(* Let $0<k<n$ and let $\mu=\delta_n\cdots\delta_{k+1}:[k]\to[n]$ be the face operator $i\mapsto i$. Let $X$ be the pushout of $\Delta[0]\leftarrow\Delta[k]\xrightarrow{\mu}\Delta[n]$, i.e. $\Delta[n]$ with the face spanned by the vertices $0,\dots,k$ collapsed to a point. Then $DX\cong\Delta[n-k]$; more precisely, the map $X\to\Delta[n-k]$ induced by the order-preserving surjection $[n]\to[n-k]$ sending $0,\dots,k$ to $0$ and $i$ to $i-k$ for $i>k$ is, up to isomorphism, $\eta_X$.
   Context: $\delta_j:[n-1]\to[n]$ is the elementary face operator omitting $j$. A simplicial set is non-singular if every non-degenerate simplex has degreewise injective representing map. The desingularization $DX$ is the image of $X\to\prod_f Y$, $x\mapsto(f(x))_f$, over all quotient maps $f:X\to Y$ (maps $X\to X/R$ for operator-compatible families of equivalence relations) with $Y$ non-singular; $\eta_X:X\to DX$ is the corestriction. *)

theory Defs
  imports Main
begin

text \<open>Order-preserving operators \<alpha> : [m] \<rightarrow> [n] are encoded as their value lists
  [\<alpha> 0, ..., \<alpha> m]: sorted lists of length m+1 with entries \<le> n.
  Composition \<beta> \<circ> \<alpha> is encoded as map (nth \<beta>) \<alpha>.\<close>

definition ordop :: "nat \<Rightarrow> nat \<Rightarrow> nat list \<Rightarrow> bool" where
  "ordop m n \<alpha> \<longleftrightarrow> length \<alpha> = Suc m \<and> sorted \<alpha> \<and> (\<forall>i\<in>set \<alpha>. i \<le> n)"
(* Let $K$ be a field, $S=K[x_1,\ldots,x_n]$, $I\subset S$ a monomial ideal with $I\ne S$, with $\mathbb{Z}^n$-graded minimal free resolution of $S/I$, multidegrees $a_{ij}$ and scalar matrices $\lambda^{(i)}$ as in the context. Given $1<i\le p$ and $1\le j\le\beta_i$, let $k_1,\ldots,k_r$ be the integers $k$ with $\lambda^{(i)}_{kj}\ne0$. Then \[ x^{a_{ij}}=\operatorname{lcm}(x^{a_{i-1,k_1}},\ldots,x^{a_{i-1,k_r}}). \]
   Context: For $a\in\mathbb{N}^n$, $x^a=x_1^{a(1)}\cdots x_n^{a(n)}$. Let $0\to F_p\to\cdots\to F_1\to F_0\to S/I\to 0$ be the $\mathbb{Z}^n$-graded minimal free resolution of $S/I$ with differential $\partial$, where $F_0=S$ with basis $f_{01}$ of degree $0$, and $F_i=\bigoplus_{j=1}^{\beta_i}Sf_{ij}$ with $f_{ij}$ homogeneous of multidegree $a_{ij}\in\mathbb{N}^n$. Write $\partial(f_{ij})=\sum_k\lambda^{(i)}_{kj}x^{a_{ij}-a_{i-1,k}}f_{i-1,k}$ with $\lambda^{(i)}_{kj}\in K$, where $\lambda^{(i)}_{kj}=0$ whenever $a_{ij}-a_{i-1,k}\notin\mathbb{N}^n$. *)

theory Defs
  imports "HOL-Library.Poly_Mapping"
begin

text \<open>Polynomial ring S = K[x_v | v :: 'n] (with 'n a finite type of n variables) is
  represented as a finitely supported map from exponent vectors
  (multidegrees in N^n) to coefficients, with the convolution product of Poly_Mapping.\<close>

type_synonym ('n, 'k) mpoly = "('n \<Rightarrow>\<^sub>0 nat) \<Rightarrow>\<^sub>0 'k"
abbreviation "st \<equiv> star sc q lt dt gt"
abbreviation "rD \<equiv> rDelta Delta"
abbreviation "T \<equiv> etri_term sc gt Delta"
abbreviation "E \<equiv> e_tri sc gt Delta"

lemma gt_star_assoc: "gt (st a b) c = gt a (gt b c)"
proof -
  have "gt (lt a b + gt a b + sc q (dt a b)) c = gt a (gt b c)"
    using tridendriform unfolding q_tridendriform_def by blast
  then show ?thesis unfolding star_def by (simp add: add_ac)
qed

lemma star_linear:
  "st (a + a') c = st a c + st a' c" "st (sc k a) c = sc k (st a c)"
  "st a (c + c') = st a c + st a c'" "st a (sc k c) = sc k (st a c)"
  by (simp_all add: star_def scale_right_distrib algebra_simps)

lemma gt_minus_r[simp]: "gt a (- v) = - gt a v"
proof -
  have "gt a v + gt a (- v) = 0" using gt_simps(2)[of a v "- v"] by simp
  then show ?thesis by (simp add: add_eq_0_iff)
qed

lemma gt_diff_r[simp]: "gt a (x - y) = gt a x - gt a y"
  by (metis diff_conv_add_uminus gt_minus_r gt_simps(2))

lemma gt_sum_r: "gt a (\<Sum>x\<leftarrow>xs. g x) = (\<Sum>x\<leftarrow>xs. gt a (g x))"
  using bilin_sum_r[OF bil_gt] .

lemma scale_sum_list: "sc c (\<Sum>x\<leftarrow>xs. g x) = (\<Sum>x\<leftarrow>xs. sc c (g x))"
  using additive_sum_list[of "sc c"] by (simp add: scale_right_distrib)

lemma bilin_gt_linear:
  assumes "\<And>u v. f (u + v) = f u + f v" and "\<And>c u. f (sc c u) = sc c (f u)"
  shows "bilin sc sc sc (\<lambda>a b. gt a (f b))"
  using assms unfolding bilin_def by simp

lemma rD_sum_add:
  assumes F: "bilin sc sc sc F"
  shows "(\<Sum>(a, b)\<leftarrow>rD (u + v). F a b) = (\<Sum>(a, b)\<leftarrow>rD u. F a b) + (\<Sum>(a, b)\<leftarrow>rD v. F a b)"
proof -
  have "teq (psc sc) (psc sc) (Delta ((u, 0) + (v, 0))) (Delta (u, 0) @ Delta (v, 0))"
    using bialg unfolding q_tridendriform_bialgebra_def by blast
  then have "teq sc sc (rD (u + v)) (rD u @ rD v)"
    using teq_fst_fst unfolding rDelta_def by fastforce
  then show ?thesis using teq_bilinear_sum[OF vector_space_axioms _ F] by simp
qed

lemma rD_sum_scale:
  assumes F: "bilin sc sc sc F"
  shows "(\<Sum>(a, b)\<leftarrow>rD (sc c u). F a b) = sc c (\<Sum>(a, b)\<leftarrow>rD u. F a b)"
proof -
  have "teq (psc sc) (psc sc) (Delta (psc sc c (u, 0))) (map (\<lambda>(a, b). (psc sc c a, b)) (Delta (u, 0)))"
    using bialg unfolding q_tridendriform_bialgebra_def by blast
  then have "teq sc sc (rD (sc c u)) (map (\<lambda>(a, b). (sc c a, b)) (rD u))"
    using teq_fst_fst unfolding rDelta_def by (fastforce simp: psc_def o_def split_def)
  then have "(\<Sum>(a, b)\<leftarrow>rD (sc c u). F a b) = (\<Sum>(a, b)\<leftarrow>rD u. sc c (F a b))"
    using teq_bilinear_sum[OF vector_space_axioms _ F] by (simp add: o_def split_def bilin_sl[OF F])
  also have "\<dots> = sc c (\<Sum>(a, b)\<leftarrow>rD u. F a b)"
    by (simp add: scale_sum_list split_def)
  finally show ?thesis .
qed

lemma iterD_length: "t \<in> set (iterD Delta n x) \<Longrightarrow> length t = n"
  by (induct n arbitrary: t) (auto split: if_splits)

text \<open>rDelta^(n+1) = (Id \<otimes> rDelta^n) o rDelta: the recursion defining rDelta^n on the last leg
  can be unfolded on the first leg instead.\<close>
lemma iterD_Suc_first:
  assumes "n \<ge> 1"
  shows "iterD Delta (Suc n) x = concat (map (\<lambda>(a, b). map ((#) a) (iterD Delta n b)) (rD x))"
  using assms
proof (induct n arbitrary: x rule: dec_induct)
  case base
  have "concat (map (\<lambda>(a, b). [[a, b]]) L) = map (\<lambda>(a, b). [a, b]) L" for L :: "('h \<times> 'h) list"
    by (induct L) auto
  then show ?case by (simp add: split_def)
next
  case (step n)
  let ?ext = "\<lambda>t. map (\<lambda>(a, b). butlast t @ [a, b]) (rD (last t))"
  have nonempty: "\<forall>s\<in>set (iterD Delta n b). s \<noteq> []" for b
    using step(1) by (auto dest!: iterD_length)
  have ext_cons: "concat (map ?ext (map ((#) c) L)) = map ((#) c) (concat (map ?ext L))"
    if "\<forall>s\<in>set L. s \<noteq> []" for c L
    using that by (induct L) (auto simp: split_def)
  have "iterD Delta (Suc (Suc n)) x = concat (map ?ext (iterD Delta (Suc n) x))"
    using step(1) by simp
  also have "\<dots> = concat (map ?ext (concat (map (\<lambda>(a, b). map ((#) a) (iterD Delta n b)) (rD x))))"
    using step(3) by simp
  also have "\<dots> = concat (map (\<lambda>(a, b). map ((#) a) (iterD Delta (Suc n) b)) (rD x))"
  proof -
    have concat_bind: "concat (map f (concat (map G L))) = concat (map (\<lambda>p. concat (map f (G p))) L)"
      for f :: "'h list \<Rightarrow> 'h list list" and G and L :: "('h \<times> 'h) list"
      by (induct L) auto
    show ?thesis
      unfolding concat_bind using ext_cons[OF nonempty] step(1) by (simp add: split_def)
  qed
  finally show ?case .
qed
◆ ◆ ◆ ◆ ◆
WORK REQUIRED :: Within the material above, extract exactly the lines that start at the line containing "nat \<Rightarrow> nat" and stop after the line containing "m n \<alpha>", and only those.

EXERCISE RESULT ::
definition ordop :: "nat \<Rightarrow> nat \<Rightarrow> nat list \<Rightarrow> bool" where
  "ordop m n \<alpha> \<longleftrightarrow> length \<alpha> = Suc m \<and> sorted \<alpha> \<and> (\<forall>i\<in>set \<alpha>. i \<le> n)"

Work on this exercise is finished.